**Try it**
Scan the listing below for the word "auto", then copy each line that has it.

=== Exercise materials ===

lemma bhattacharyya_less_one:
  fixes a b :: "nat \<Rightarrow> real"
  assumes a: "\<And>x. x < s \<Longrightarrow> a x \<ge> 0" "(\<Sum>x<s. a x) = 1"
    and b: "\<And>x. x < s \<Longrightarrow> b x \<ge> 0" "(\<Sum>x<s. b x) = 1"
    and x0: "x0 < s" "a x0 \<noteq> b x0"
  shows "bhattacharyya s a b < 1"
proof -
  have "(\<Sum>x<s. (sqrt (a x) - sqrt (b x))\<^sup>2) = (\<Sum>x<s. a x + b x - 2 * sqrt (a x * b x))"
    using a(1) b(1) by (intro sum.cong) (simp_all add: power2_diff real_sqrt_mult)
  also have "\<dots> = 2 - 2 * bhattacharyya s a b"
    using a(2) b(2) by (simp add: bhattacharyya_def sum.distrib sum_subtractf sum_distrib_left)
  finally have eq: "(\<Sum>x<s. (sqrt (a x) - sqrt (b x))\<^sup>2) = 2 - 2 * bhattacharyya s a b" .
  have "sqrt (a x0) \<noteq> sqrt (b x0)"
    using x0 a(1) b(1) by simp
  then have "(\<Sum>x<s. (sqrt (a x) - sqrt (b x))\<^sup>2) > 0"
    using x0(1) by (intro sum_pos2[where i=x0]) auto
  then show ?thesis
    using eq by simp
qed

lemma dRS_pos:
  fixes a b :: "nat \<Rightarrow> real"
  assumes "\<And>x. x < s \<Longrightarrow> a x \<ge> 0" "(\<Sum>x<s. a x) = 1"
    and "\<And>x. x < s \<Longrightarrow> b x \<ge> 0" "(\<Sum>x<s. b x) = 1"
    and "\<exists>x<s. a x \<noteq> b x"
  shows "dRS s a b > 0"
proof -
  have "0 \<le> bhattacharyya s a b" "bhattacharyya s a b < 1"
    using assms bhattacharyya_nonneg bhattacharyya_less_one by blast+
  then have "(bhattacharyya s a b)\<^sup>2 < 1"
    by (simp add: power_less_one_iff)
  then show ?thesis
    by (simp add: dRS_eq_bhattacharyya)
qed

lemma data_seqs_Suc:
  "data_seqs s (Suc m) = (\<lambda>(x, xs). x # xs) ` ({..<s} \<times> data_seqs s m)"
  unfolding data_seqs_def by (auto simp: length_Suc_conv image_iff)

===

**Problem solution**
    using x0(1) by (intro sum_pos2[where i=x0]) auto
  unfolding data_seqs_def by (auto simp: length_Suc_conv image_iff)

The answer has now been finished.